Its main attractions are the Qurum Natural Park, the Qurum City Centre and the Qurum Beach.

==Qurm Nature Reserve==

Qurum is the site of Qurm Nature Reserve, a national nature reserve protecting a coastal wetland surrounding a forest of grey mangroves. The reserve was declared in 1975 by a decree of Sultan Qaboos bin Said, and it became Oman's first Ramsar site in 2013.

==Economy==
The $600 million Muriya and $129 million Al Kuwair retail developments are located in Qurum.

==Qurum City Centre==
Majid Al Futtaim opened Qurum City Centre (QCC) – located in the Qurum district of Muscat – in October 2008. QCC includes 75 shops with a total gross leasable area of 20,600 square metres and parking for around 1,200 cars. Both malls are anchored by Carrefour, the French hypermarket. The footfall at MCC in 2007 totalled 8m, up 5% over 2006, according to MCC's marketing manager, Ahmed Hamdy.
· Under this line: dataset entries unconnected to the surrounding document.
(* In the setting of the context, suppose Condition UI holds: $\mathcal{Q}$ is uniformly integrable and each $R^i\mathcal{Q}:=\{R^iZ:Z\in\mathcal{Q}\}$, $i=1,\dots,d$, is uniformly integrable. Let $\overline{\mathcal{Q}}$ be the $L^1$-closure of $\mathcal{Q}$. Then $C_{\overline{\mathcal{Q}}}:=\{\mathbb{E}[-Z(R-r\mathbf{1})]:Z\in\overline{\mathcal{Q}}\}$ is a convex and compact subset of $\mathbb{R}^d$, and for every $\pi\in\mathbb{R}^d$, $\rho(X_\pi)=\max_{c\in C_{\overline{\mathcal{Q}}}}\pi\cdot c$.
   Context: Let $(\Omega,\mathcal{F},\mathbb{P})$ be a probability space and a market: riskless asset $S^0_0=1$, $S^0_1=1+r$, $r>-1$; risky assets $S^1,\dots,S^d$ with constants $S^i_0>0$ and real-valued $\mathcal{F}$-measurable $S^i_1$; returns $R^i:=(S^i_1-S^i_0)/S^i_0$, $R=(R^1,\dots,R^d)$. Standing assumptions: nonredundancy (if $\theta\in\mathbb{R}^{1+d}$ with $\sum_{i=0}^d\theta^iS^i_t=0$ a.s. for $t\in\{0,1\}$ then $\theta=0$), $R^i\in L^1$, $\mathbb{E}[R^i]\ne r$ for some $i$. Excess return: $X_\pi:=\pi\cdot(R-r\mathbf{1})$. $L$ is a Riesz space with $L^\infty\subset L\subset L^1$ containing all $X_\pi$. $\mathcal{D}:=\{Z\in L^1:Z\ge0,\mathbb{E}[Z]=1\}$; $\mathcal{Q}\subset\mathcal{D}$ is convex with $1\in\mathcal{Q}$ and $\rho(X)=\sup_{Z\in\mathcal{Q}}\mathbb{E}[-ZX]$ on $L$, where $\mathbb{E}[-ZX]:=\mathbb{E}[ZX^-]-\mathbb{E}[ZX^+]$ with $\mathbb{E}[-ZX]=\infty$ if $\mathbb{E}[ZX^-]=\infty$. *)

theory Defs
  imports "HOL-Probability.Probability"
begin

definition unif_integrable :: "'a measure \<Rightarrow> ('a \<Rightarrow> real) set \<Rightarrow> bool" where
  "unif_integrable M F \<longleftrightarrow>
     F \<subseteq> borel_measurable M \<and>
     ((\<lambda>K::real. \<Squnion>f\<in>F. \<integral>\<^sup>+x. ennreal \<bar>f x\<bar> * indicator {y. K < \<bar>f y\<bar>} x \<partial>M)
        \<longlongrightarrow> 0) at_top"

definition densities :: "'a measure \<Rightarrow> ('a \<Rightarrow> real) set" where
  "densities M = {Z. integrable M Z \<and> (AE x in M. 0 \<le> Z x) \<and> integral\<^sup>L M Z = 1}"

definition L1_closure :: "'a measure \<Rightarrow> ('a \<Rightarrow> real) set \<Rightarrow> ('a \<Rightarrow> real) set" where
  "L1_closure M Q = {Z. integrable M Z \<and>
      (\<exists>Zn. (\<forall>n. Zn n \<in> Q) \<and>
         (\<lambda>n. \<integral>\<^sup>+x. ennreal \<bar>Zn n x - Z x\<bar> \<partial>M) \<longlonglongrightarrow> 0)}"

definition neg_expect :: "'a measure \<Rightarrow> ('a \<Rightarrow> real) \<Rightarrow> ('a \<Rightarrow> real) \<Rightarrow> ereal" where
  "neg_expect M Z X =
     (let a = (\<integral>\<^sup>+x. ennreal (Z x * max 0 (- X x)) \<partial>M);
          b = (\<integral>\<^sup>+x. ennreal (Z x * max 0 (X x)) \<partial>M)
      in if a = \<infinity> then \<infinity> else enn2ereal a - enn2ereal b)"

definition rho :: "'a measure \<Rightarrow> ('a \<Rightarrow> real) set \<Rightarrow> ('a \<Rightarrow> real) \<Rightarrow> ereal" where
  "rho M Q X = (\<Squnion>Z\<in>Q. neg_expect M Z X)"

definition excess_return :: "('d::finite \<Rightarrow> 'a \<Rightarrow> real) \<Rightarrow> real \<Rightarrow> real^'d \<Rightarrow> 'a \<Rightarrow> real" where
  "excess_return R r \<pi> = (\<lambda>x. \<Sum>i\<in>UNIV. \<pi> $ i * (R i x - r))"

definition C_set :: "'a measure \<Rightarrow> ('d::finite \<Rightarrow> 'a \<Rightarrow> real) \<Rightarrow> real \<Rightarrow> ('a \<Rightarrow> real) set \<Rightarrow> (real^'d) set" where
  "C_set M R r Q = {c. \<exists>Z\<in>Q. \<forall>i. ereal (c $ i) = neg_expect M Z (\<lambda>x. R i x - r)}"

end

theory Submission
  imports Defs
begin

text \<open>
  For a density \<open>Z\<close> write \<open>T Z = E[-Z (R - r 1)]\<close>.  Then \<open>\<rho>(X\<^sub>\<pi>)\<close> is the supremum of
  \<open>\<pi> \<bullet> T Z\<close> over \<open>Z \<in> Q\<close>, and \<open>C\<close> of the \<open>L\<^sup>1\<close>-closure \<open>cl Q\<close> is \<open>T(cl Q)\<close>.  Everything
  follows once \<open>T(cl Q)\<close> is shown to be the closure of the bounded convex set \<open>T(Q)\<close>:
  a linear functional attains its supremum over \<open>T(Q)\<close> on that compact closure.

  Uniform integrability of the families \<open>R\<^sup>i Q\<close> makes \<open>T\<close> continuous along \<open>L\<^sup>1\<close>-convergent
  sequences from \<open>Q\<close>, which gives \<open>T(cl Q) \<subseteq> closure T(Q)\<close>.  The converse avoids weak
  compactness (Dunford-Pettis): for \<open>c\<close> in the closure of \<open>T(Q)\<close> take \<open>Z\<^sub>n\<close> almost
  maximising \<open>E[\<surd>Z]\<close> over the convex sets \<open>{Z \<in> Q. |T Z - c| \<le> 1/(n+1)}\<close>.  The midpoint
  of \<open>Z\<^sub>n\<close> and \<open>Z\<^sub>m\<close> competes with \<open>Z\<^sub>n\<close>, so the concavity defect
  \<open>E[\<surd>((Z\<^sub>n + Z\<^sub>m)/2) - (\<surd>Z\<^sub>n + \<surd>Z\<^sub>m)/2]\<close> tends to \<open>0\<close>; a pointwise inequality
  together with uniform integrability of \<open>Q\<close> turns this into \<open>E|Z\<^sub>n - Z\<^sub>m| \<rightarrow> 0\<close>, and the
  \<open>L\<^sup>1\<close>-limit \<open>Z\<close> satisfies \<open>T Z = c\<close>.
\<close>

section \<open>Concavity of the square root\<close>

lemma sqrt_midpoint_ge:
  fixes g h :: real
  assumes "0 \<le> g" "0 \<le> h"
  shows "(sqrt g + sqrt h) / 2 \<le> sqrt ((g + h) / 2)"
proof (rule real_le_rsqrt)
  have "0 \<le> (sqrt g - sqrt h)\<^sup>2" by simp
  then show "((sqrt g + sqrt h) / 2)\<^sup>2 \<le> (g + h) / 2"
    using assms by (simp add: power2_eq_square algebra_simps)
qed

lemma abs_diff_le_sqrt_midpoint_defect:
  fixes g h t :: real
  assumes g: "0 \<le> g" and h: "0 \<le> h" and t: "0 < t"
  shows "\<bar>g - h\<bar> \<le> 3 * t * (sqrt ((g + h) / 2) - (sqrt g + sqrt h) / 2) + (sqrt g + sqrt h) ^ 3 / (2 * t)"
proof -
  define u v where "u = sqrt g" and "v = sqrt h"
  define s w where "s = u + v" and "w = sqrt ((g + h) / 2)"
  define D where "D = w - s / 2"
  have uv: "0 \<le> u" "0 \<le> v" "g = u\<^sup>2" "h = v\<^sup>2"
    using g h by (simp_all add: u_def v_def)
  have D_nonneg: "0 \<le> D"
    using sqrt_midpoint_ge[OF g h] by (simp add: D_def s_def w_def u_def v_def)
  have "w \<le> sqrt (s\<^sup>2)"
    unfolding w_def using uv by (intro real_sqrt_le_mono) (simp add: s_def power2_eq_square algebra_simps)
  then have w_le: "w \<le> s" using uv by (simp add: s_def)
  have "w\<^sup>2 = (u\<^sup>2 + v\<^sup>2) / 2"
    using uv g h by (simp add: w_def)
  then have "(u - v)\<^sup>2 = 4 * D * (w + s / 2)"
    by (simp add: D_def s_def power2_eq_square field_simps)
  also have "\<dots> \<le> 4 * D * (3 / 2 * s)"
    using D_nonneg w_le by (intro mult_left_mono) auto
  finally have uv_diff: "(u - v)\<^sup>2 \<le> 6 * s * D" by (simp add: ac_simps)
  have "g - h = (u - v) * s"
    using uv by (simp add: s_def power2_eq_square algebra_simps)
  then have diff_eq: "\<bar>g - h\<bar> = \<bar>u - v\<bar> * s"
    using uv(1,2) by (simp add: abs_mult s_def)
  \<comment> \<open>AM-GM: \<open>6 s\<^sup>3 D = 4 ab \<le> (a + b)\<^sup>2\<close> for \<open>a = 3 t D\<close>, \<open>b = s\<^sup>3 / (2 t)\<close>\<close>
  have "\<bar>g - h\<bar>\<^sup>2 = (u - v)\<^sup>2 * s\<^sup>2"
    by (simp add: diff_eq power_mult_distrib)
  also have "\<dots> \<le> (6 * s * D) * s\<^sup>2"
    using uv_diff by (rule mult_right_mono) simp
  also have "\<dots> = 6 * s ^ 3 * D"
    by (simp add: power2_eq_square power3_eq_cube)
  also have "\<dots> \<le> (3 * t * D + s ^ 3 / (2 * t))\<^sup>2"
  proof -
    have "(3 * t * D + s ^ 3 / (2 * t))\<^sup>2 - 6 * s ^ 3 * D = (3 * t * D - s ^ 3 / (2 * t))\<^sup>2"
      using t by (simp add: power2_eq_square field_simps)
    then show ?thesis by (smt (verit) zero_le_power2)
  qed
  finally have "\<bar>g - h\<bar>\<^sup>2 \<le> (3 * t * D + s ^ 3 / (2 * t))\<^sup>2" .
  moreover have "0 \<le> 3 * t * D + s ^ 3 / (2 * t)"
    using t D_nonneg uv(1,2) by (simp add: s_def)
  ultimately have "\<bar>g - h\<bar> \<le> 3 * t * D + s ^ 3 / (2 * t)"
    by (rule power2_le_imp_le)
  then show ?thesis by (simp add: D_def w_def s_def u_def v_def)
qed

lemma abs_diff_le_sqrt_midpoint_defect_truncated:
  fixes g h t a :: real
  assumes g: "0 \<le> g" and h: "0 \<le> h" and t: "0 < t" and a: "0 \<le> a"
  shows "\<bar>g - h\<bar> \<le> 3 * t * (sqrt ((g + h) / 2) - (sqrt g + sqrt h) / 2) + 4 * sqrt (2 * a) ^ 3 / t
           + 2 * max 0 (g - a) + 2 * max 0 (h - a)"
proof (cases "g \<le> 2 * a \<and> h \<le> 2 * a")
  case True
  then have "sqrt g + sqrt h \<le> 2 * sqrt (2 * a)"
    using real_sqrt_le_mono by (smt (verit))
  then have "(sqrt g + sqrt h) ^ 3 / (2 * t) \<le> (2 * sqrt (2 * a)) ^ 3 / (2 * t)"
    using t g h by (intro divide_right_mono power_mono) auto
  also have "\<dots> = 4 * sqrt (2 * a) ^ 3 / t"
    by (simp add: power3_eq_cube)
  finally have "(sqrt g + sqrt h) ^ 3 / (2 * t) \<le> 4 * sqrt (2 * a) ^ 3 / t" .
  moreover have "0 \<le> max 0 (g - a)" "0 \<le> max 0 (h - a)" by simp_all
  ultimately show ?thesis
    using abs_diff_le_sqrt_midpoint_defect[OF g h t] by argo
next
  case False
  then have "\<bar>g - h\<bar> \<le> 2 * max 0 (g - a) + 2 * max 0 (h - a)"
    using g h by (auto simp: abs_if max_def)
  moreover have "0 \<le> 3 * t * (sqrt ((g + h) / 2) - (sqrt g + sqrt h) / 2)"
    using sqrt_midpoint_ge[OF g h] t by simp
  moreover have "0 \<le> 4 * sqrt (2 * a) ^ 3 / t"
    using a t by simp
  ultimately show ?thesis by linarith
qed

section \<open>Convergence in \<open>L\<^sup>1\<close>\<close>

lemma integral_le_of_nn_integral_le:
  fixes f :: "'a \<Rightarrow> real"
  assumes "integrable M f" "AE x in M. 0 \<le> f x" "(\<integral>\<^sup>+x. ennreal (f x) \<partial>M) \<le> ennreal c" "0 \<le> c"
  shows "(\<integral>x. f x \<partial>M) \<le> c"
  using assms by (simp add: nn_integral_eq_integral)

lemma nn_integral_abs_diff_tendsto_0_iff:
  fixes f :: "nat \<Rightarrow> 'a \<Rightarrow> real"
  assumes "\<And>n. integrable M (f n)" "integrable M g"
  shows "(\<lambda>n. \<integral>\<^sup>+x. ennreal \<bar>f n x - g x\<bar> \<partial>M) \<longlonglongrightarrow> 0 \<longleftrightarrow>
         (\<lambda>n. \<integral>x. \<bar>f n x - g x\<bar> \<partial>M) \<longlonglongrightarrow> 0"
proof -
  have "(\<lambda>n. \<integral>\<^sup>+x. ennreal \<bar>f n x - g x\<bar> \<partial>M) = (\<lambda>n. ennreal (\<integral>x. \<bar>f n x - g x\<bar> \<partial>M))"
    using assms by (intro ext nn_integral_eq_integral) auto
  then show ?thesis
    using tendsto_ennreal_iff[of "\<lambda>n. \<integral>x. \<bar>f n x - g x\<bar> \<partial>M" sequentially 0] by simp
qed

lemma L1_limit_AE_subseq:
  fixes f :: "nat \<Rightarrow> 'a \<Rightarrow> real"
  assumes "\<And>n. integrable M (f n)" "integrable M g" "(\<lambda>n. \<integral>x. \<bar>f n x - g x\<bar> \<partial>M) \<longlonglongrightarrow> 0"
  obtains r where "strict_mono r" "AE x in M. (\<lambda>n. f (r n) x) \<longlonglongrightarrow> g x"
proof -
  obtain r where "strict_mono r" "AE x in M. (\<lambda>n. f (r n) x - g x) \<longlonglongrightarrow> 0"
    using tendsto_L1_AE_subseq[of M "\<lambda>n x. f n x - g x"] assms by auto
  then show thesis
    using that by (simp flip: Lim_null)
qed

lemma nn_integral_le_of_AE_tendsto:
  fixes u :: "nat \<Rightarrow> 'a \<Rightarrow> ennreal"
  assumes "\<And>n. u n \<in> borel_measurable M" "AE x in M. (\<lambda>n. u n x) \<longlonglongrightarrow> g x"
    and "\<forall>\<^sub>F n in sequentially. (\<integral>\<^sup>+x. u n x \<partial>M) \<le> c"
  shows "(\<integral>\<^sup>+x. g x \<partial>M) \<le> c"
proof -
  have "(\<integral>\<^sup>+x. g x \<partial>M) = (\<integral>\<^sup>+x. liminf (\<lambda>n. u n x) \<partial>M)"
    using assms(2) by (intro nn_integral_cong_AE) (auto simp: lim_imp_Liminf)
  also have "\<dots> \<le> liminf (\<lambda>n. \<integral>\<^sup>+x. u n x \<partial>M)"
    using assms(1) by (rule nn_integral_liminf)
  also have "\<dots> \<le> c"
    using assms(3) by (intro Liminf_le) simp_all
  finally show ?thesis .
qed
The property's general manager, Ibrahim Al Qasmi, said that he was looking to increase footfall at the MCC to 10m in 2008.

==Marah Land==
Marah Land is a tourist attraction and is a destination for school trips. Children entering the premises are expected to be joyful or go home. Marah Land hosts the popular annual cancer walk where school children learn about helping society and making a difference, as well as, raising awareness of global issues.